• **PROBLEM STATEMENT**
Copy out, from the data below, each line in which the word "True" occurs.

Saved data entries
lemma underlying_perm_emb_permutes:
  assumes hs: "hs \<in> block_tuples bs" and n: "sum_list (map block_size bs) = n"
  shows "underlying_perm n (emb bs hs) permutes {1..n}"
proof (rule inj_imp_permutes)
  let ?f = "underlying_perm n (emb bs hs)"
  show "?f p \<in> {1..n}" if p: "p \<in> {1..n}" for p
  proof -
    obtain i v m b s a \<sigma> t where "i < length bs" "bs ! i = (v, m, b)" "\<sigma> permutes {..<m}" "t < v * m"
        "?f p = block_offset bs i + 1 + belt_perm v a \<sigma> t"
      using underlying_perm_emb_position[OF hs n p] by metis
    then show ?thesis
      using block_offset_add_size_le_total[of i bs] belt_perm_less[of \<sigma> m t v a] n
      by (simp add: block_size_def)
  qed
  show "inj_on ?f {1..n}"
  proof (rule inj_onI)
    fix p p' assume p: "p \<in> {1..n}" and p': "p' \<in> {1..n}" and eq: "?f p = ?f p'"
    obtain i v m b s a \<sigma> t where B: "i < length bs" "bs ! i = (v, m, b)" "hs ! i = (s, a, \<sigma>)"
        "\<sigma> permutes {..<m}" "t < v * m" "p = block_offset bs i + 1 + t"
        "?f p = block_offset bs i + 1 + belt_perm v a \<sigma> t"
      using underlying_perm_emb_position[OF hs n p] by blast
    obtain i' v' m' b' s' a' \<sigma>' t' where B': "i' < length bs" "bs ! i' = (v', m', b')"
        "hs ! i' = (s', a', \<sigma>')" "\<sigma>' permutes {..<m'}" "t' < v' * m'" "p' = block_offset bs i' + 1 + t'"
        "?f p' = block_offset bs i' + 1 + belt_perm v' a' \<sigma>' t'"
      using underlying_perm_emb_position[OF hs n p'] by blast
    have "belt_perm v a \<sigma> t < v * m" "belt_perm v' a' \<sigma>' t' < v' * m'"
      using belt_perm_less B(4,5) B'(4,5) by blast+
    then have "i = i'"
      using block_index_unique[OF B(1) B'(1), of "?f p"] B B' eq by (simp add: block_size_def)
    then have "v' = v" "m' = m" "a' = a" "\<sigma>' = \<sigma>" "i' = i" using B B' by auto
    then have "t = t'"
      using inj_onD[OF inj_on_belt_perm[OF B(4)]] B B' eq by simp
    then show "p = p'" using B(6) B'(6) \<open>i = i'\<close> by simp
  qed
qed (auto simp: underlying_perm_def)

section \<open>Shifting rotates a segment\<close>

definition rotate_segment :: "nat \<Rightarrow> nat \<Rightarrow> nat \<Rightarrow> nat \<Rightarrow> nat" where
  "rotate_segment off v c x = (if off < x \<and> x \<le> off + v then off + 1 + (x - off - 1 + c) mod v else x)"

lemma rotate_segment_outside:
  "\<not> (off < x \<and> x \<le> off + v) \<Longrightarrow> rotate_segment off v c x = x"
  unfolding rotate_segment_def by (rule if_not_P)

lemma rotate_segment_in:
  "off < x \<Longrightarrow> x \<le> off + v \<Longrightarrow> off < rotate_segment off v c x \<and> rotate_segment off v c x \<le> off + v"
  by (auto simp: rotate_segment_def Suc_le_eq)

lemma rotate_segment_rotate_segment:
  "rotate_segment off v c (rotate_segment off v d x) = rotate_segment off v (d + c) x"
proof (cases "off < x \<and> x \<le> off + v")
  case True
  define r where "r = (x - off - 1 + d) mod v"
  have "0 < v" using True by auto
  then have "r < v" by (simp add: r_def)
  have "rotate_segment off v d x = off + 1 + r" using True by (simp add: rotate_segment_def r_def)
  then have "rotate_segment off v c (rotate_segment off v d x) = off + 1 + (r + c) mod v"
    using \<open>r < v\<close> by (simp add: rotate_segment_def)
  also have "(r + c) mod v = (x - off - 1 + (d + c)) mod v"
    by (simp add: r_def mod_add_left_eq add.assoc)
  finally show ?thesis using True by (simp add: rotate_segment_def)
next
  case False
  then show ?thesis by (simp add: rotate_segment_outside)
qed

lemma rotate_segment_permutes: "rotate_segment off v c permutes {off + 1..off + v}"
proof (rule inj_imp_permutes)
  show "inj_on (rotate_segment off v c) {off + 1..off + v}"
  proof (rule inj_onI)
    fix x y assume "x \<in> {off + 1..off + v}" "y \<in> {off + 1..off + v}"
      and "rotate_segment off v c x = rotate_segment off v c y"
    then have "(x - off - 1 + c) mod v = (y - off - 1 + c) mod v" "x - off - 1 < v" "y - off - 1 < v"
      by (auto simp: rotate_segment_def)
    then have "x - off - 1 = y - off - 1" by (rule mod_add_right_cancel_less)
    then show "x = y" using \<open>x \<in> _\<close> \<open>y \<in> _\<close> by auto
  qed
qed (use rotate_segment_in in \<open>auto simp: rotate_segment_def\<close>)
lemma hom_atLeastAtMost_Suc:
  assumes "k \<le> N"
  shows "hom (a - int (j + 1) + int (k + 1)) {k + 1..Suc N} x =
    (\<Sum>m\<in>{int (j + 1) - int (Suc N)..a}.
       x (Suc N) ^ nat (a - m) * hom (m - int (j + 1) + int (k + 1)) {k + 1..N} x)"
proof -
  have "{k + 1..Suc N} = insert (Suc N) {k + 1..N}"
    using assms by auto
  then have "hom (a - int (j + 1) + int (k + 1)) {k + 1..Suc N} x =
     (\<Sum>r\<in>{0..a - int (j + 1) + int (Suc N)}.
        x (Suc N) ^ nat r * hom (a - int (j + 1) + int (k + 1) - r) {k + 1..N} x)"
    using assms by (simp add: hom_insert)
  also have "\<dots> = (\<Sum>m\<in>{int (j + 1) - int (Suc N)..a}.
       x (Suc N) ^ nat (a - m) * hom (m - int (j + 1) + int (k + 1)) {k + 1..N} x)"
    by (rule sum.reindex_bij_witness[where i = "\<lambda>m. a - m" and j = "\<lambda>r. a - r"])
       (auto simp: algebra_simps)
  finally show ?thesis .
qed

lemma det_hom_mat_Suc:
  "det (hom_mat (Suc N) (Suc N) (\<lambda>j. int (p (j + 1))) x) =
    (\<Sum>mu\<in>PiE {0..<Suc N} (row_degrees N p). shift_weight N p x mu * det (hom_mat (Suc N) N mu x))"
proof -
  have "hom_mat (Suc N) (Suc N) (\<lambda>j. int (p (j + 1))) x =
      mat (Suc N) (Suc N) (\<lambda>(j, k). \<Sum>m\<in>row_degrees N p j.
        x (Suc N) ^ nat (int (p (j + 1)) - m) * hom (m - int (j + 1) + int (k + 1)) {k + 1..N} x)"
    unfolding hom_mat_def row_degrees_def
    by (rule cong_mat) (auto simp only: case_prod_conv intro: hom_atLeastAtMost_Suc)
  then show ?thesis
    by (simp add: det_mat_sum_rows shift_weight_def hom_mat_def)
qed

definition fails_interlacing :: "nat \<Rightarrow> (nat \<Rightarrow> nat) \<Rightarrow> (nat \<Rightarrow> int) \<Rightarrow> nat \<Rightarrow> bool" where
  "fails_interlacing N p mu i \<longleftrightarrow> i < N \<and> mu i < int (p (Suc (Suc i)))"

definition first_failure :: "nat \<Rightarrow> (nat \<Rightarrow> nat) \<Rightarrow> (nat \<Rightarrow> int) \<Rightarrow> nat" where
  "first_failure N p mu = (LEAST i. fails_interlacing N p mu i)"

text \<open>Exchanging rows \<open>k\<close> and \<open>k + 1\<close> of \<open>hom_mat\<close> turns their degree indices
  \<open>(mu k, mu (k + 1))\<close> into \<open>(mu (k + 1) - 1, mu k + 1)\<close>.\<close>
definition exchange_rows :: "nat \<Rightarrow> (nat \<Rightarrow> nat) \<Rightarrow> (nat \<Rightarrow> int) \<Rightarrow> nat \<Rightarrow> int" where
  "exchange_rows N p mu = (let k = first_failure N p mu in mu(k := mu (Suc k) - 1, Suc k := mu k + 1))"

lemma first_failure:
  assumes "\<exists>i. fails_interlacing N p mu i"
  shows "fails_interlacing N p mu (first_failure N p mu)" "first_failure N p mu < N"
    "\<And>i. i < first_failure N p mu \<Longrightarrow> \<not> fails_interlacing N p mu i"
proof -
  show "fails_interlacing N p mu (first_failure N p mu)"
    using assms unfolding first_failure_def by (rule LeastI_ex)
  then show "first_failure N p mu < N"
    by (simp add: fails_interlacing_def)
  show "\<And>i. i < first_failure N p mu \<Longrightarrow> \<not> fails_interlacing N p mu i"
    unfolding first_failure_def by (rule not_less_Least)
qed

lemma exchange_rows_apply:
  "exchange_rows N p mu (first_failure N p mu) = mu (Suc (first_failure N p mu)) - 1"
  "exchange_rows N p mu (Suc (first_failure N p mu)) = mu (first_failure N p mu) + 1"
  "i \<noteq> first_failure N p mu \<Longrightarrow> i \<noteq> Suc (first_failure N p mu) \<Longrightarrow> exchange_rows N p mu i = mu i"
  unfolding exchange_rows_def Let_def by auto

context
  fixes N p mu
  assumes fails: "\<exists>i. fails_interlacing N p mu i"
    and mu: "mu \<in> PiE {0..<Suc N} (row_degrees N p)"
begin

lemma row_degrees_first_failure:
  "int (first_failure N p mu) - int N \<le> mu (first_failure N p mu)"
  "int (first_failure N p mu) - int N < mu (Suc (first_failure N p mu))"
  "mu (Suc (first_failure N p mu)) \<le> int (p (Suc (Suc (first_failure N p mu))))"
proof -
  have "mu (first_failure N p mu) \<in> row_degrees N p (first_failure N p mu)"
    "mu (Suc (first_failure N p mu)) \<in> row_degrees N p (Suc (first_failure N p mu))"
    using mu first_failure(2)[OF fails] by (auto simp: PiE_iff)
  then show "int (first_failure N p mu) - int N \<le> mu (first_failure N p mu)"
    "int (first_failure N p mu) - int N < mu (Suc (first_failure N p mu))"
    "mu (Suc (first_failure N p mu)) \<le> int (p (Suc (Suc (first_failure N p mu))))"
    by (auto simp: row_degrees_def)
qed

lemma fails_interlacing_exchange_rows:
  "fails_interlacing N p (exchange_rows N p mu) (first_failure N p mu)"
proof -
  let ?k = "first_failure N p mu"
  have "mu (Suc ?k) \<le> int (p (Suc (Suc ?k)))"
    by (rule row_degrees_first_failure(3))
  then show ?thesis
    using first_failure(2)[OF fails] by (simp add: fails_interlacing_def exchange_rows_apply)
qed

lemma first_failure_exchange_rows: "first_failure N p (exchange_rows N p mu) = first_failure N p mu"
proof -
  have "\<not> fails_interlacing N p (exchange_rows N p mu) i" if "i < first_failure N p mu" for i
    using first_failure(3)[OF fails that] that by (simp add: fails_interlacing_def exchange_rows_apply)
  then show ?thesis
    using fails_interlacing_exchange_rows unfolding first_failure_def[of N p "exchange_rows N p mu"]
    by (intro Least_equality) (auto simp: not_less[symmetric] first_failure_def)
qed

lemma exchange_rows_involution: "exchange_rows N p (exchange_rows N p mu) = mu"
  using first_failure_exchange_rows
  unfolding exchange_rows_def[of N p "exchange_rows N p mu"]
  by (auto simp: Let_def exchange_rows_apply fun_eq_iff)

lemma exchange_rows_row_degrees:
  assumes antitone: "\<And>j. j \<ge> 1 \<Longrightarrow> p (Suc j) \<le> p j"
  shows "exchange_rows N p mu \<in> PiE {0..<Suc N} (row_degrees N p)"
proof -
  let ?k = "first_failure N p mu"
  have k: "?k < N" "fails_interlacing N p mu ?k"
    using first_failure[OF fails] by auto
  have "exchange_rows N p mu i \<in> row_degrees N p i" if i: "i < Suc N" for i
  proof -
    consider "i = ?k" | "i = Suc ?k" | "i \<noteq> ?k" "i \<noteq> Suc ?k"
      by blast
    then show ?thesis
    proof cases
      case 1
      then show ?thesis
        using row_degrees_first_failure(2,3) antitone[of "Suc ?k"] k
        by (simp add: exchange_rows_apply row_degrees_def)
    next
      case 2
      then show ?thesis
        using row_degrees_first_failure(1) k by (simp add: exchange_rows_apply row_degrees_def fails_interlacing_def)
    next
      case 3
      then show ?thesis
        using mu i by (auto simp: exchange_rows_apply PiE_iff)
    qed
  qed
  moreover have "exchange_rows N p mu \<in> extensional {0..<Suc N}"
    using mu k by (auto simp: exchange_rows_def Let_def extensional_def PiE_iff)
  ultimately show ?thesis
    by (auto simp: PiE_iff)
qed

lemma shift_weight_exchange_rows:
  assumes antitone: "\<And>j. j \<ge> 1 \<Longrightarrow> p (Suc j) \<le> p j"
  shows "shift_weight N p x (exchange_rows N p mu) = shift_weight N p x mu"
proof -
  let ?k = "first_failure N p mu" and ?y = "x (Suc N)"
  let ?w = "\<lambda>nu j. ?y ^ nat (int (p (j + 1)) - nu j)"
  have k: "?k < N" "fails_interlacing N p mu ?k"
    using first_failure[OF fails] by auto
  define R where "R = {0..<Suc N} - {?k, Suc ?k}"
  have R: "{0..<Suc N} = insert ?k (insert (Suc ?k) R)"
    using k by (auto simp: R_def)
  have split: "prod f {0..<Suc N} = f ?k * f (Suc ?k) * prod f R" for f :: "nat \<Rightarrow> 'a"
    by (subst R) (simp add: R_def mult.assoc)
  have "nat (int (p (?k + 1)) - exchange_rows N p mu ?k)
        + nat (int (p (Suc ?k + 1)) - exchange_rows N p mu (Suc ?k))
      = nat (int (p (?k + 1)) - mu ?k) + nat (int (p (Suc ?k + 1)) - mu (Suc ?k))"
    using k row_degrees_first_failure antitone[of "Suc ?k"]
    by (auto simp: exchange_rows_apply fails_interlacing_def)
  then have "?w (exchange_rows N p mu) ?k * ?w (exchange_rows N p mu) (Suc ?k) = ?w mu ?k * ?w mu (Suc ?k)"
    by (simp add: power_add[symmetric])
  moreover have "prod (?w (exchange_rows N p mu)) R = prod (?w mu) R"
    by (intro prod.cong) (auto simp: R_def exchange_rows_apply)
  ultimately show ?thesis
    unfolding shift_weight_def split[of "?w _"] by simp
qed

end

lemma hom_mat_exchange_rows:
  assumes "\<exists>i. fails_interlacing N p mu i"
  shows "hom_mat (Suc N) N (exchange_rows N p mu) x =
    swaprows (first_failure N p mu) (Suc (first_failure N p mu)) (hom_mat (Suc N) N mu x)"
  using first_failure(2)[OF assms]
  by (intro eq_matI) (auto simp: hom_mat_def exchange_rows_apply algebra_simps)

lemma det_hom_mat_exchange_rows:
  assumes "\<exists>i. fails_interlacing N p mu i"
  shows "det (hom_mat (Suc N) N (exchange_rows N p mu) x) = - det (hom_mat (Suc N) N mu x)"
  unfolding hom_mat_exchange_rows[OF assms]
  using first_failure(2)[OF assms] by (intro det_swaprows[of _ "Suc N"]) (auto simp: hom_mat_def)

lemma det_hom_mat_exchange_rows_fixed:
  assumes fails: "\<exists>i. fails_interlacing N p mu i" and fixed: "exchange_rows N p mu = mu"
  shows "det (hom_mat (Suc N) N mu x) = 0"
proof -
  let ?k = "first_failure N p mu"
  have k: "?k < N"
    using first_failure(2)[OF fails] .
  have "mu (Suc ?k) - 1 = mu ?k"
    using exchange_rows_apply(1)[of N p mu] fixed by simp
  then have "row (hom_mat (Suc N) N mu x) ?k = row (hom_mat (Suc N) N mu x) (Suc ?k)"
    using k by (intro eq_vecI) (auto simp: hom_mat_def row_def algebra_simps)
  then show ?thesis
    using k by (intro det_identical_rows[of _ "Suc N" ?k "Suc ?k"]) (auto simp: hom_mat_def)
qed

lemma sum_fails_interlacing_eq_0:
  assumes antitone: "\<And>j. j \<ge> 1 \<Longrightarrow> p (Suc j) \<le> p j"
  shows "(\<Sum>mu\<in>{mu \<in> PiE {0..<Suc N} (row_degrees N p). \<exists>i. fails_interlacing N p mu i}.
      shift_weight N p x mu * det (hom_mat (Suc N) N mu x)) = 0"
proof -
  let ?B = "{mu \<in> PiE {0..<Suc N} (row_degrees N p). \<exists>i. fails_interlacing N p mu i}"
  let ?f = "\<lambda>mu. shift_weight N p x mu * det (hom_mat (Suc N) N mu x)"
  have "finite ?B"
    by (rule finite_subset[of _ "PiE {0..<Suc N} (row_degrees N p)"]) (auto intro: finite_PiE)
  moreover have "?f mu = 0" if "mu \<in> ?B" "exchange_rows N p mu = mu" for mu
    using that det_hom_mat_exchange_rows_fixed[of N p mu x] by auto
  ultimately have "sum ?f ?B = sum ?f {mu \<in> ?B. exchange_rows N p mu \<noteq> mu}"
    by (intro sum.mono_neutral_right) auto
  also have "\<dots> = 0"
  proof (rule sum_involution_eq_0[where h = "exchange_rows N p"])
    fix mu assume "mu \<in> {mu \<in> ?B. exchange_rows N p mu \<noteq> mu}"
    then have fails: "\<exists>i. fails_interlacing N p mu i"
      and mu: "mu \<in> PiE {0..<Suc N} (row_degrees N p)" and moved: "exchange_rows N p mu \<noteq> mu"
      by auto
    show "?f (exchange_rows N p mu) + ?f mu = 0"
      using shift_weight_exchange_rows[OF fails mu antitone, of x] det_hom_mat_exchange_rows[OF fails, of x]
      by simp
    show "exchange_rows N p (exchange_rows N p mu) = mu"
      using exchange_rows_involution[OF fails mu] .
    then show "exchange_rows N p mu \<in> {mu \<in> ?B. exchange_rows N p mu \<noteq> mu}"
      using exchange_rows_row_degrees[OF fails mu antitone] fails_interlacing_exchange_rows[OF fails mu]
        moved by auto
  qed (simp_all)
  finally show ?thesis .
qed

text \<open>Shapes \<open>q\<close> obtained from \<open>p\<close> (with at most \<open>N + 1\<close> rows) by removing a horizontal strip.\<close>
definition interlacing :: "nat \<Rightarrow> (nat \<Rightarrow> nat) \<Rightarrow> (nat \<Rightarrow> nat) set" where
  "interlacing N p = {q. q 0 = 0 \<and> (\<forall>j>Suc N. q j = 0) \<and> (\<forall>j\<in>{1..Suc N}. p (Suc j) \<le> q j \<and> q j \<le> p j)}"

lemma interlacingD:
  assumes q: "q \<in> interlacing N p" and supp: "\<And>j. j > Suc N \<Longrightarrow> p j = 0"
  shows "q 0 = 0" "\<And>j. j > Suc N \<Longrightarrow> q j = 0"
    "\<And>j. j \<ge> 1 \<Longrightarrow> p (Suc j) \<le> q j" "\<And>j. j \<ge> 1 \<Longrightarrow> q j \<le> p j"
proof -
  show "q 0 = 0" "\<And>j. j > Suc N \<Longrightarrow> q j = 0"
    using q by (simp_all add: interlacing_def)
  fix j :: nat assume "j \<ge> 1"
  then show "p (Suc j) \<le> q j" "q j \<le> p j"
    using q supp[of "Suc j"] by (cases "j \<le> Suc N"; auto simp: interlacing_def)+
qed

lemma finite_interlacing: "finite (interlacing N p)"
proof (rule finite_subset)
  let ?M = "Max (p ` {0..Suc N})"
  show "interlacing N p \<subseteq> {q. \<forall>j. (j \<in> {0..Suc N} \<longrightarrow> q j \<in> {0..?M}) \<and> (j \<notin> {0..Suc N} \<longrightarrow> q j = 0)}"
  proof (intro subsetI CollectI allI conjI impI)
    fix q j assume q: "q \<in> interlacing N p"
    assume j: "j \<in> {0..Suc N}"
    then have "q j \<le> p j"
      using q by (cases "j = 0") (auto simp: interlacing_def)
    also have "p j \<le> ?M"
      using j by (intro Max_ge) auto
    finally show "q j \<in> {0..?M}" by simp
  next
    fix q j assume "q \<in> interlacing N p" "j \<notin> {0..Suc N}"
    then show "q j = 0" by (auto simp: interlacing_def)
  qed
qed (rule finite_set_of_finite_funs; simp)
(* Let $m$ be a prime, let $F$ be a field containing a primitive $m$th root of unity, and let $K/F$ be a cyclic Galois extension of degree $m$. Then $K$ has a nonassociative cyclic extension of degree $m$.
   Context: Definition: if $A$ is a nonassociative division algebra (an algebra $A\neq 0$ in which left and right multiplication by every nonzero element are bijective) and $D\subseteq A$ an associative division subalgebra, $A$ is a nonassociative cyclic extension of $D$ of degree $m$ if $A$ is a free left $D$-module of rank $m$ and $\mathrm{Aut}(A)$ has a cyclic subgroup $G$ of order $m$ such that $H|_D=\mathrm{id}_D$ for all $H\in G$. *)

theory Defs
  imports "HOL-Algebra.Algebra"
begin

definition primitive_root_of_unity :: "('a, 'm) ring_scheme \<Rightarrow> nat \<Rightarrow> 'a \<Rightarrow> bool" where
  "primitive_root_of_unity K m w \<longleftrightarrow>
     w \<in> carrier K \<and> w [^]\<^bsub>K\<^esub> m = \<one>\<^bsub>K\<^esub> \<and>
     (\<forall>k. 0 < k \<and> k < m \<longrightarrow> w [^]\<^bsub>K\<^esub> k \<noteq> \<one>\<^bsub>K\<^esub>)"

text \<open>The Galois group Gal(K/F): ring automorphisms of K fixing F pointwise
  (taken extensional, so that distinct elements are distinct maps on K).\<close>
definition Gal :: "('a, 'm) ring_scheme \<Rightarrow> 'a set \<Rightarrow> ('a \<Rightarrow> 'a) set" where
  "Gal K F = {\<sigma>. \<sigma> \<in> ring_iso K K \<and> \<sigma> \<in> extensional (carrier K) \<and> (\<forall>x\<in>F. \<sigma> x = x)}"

• **COMPLETED EXERCISE**
  case True
  have "0 < v" using True by auto
  have "rotate_segment off v d x = off + 1 + r" using True by (simp add: rotate_segment_def r_def)
  finally show ?thesis using True by (simp add: rotate_segment_def)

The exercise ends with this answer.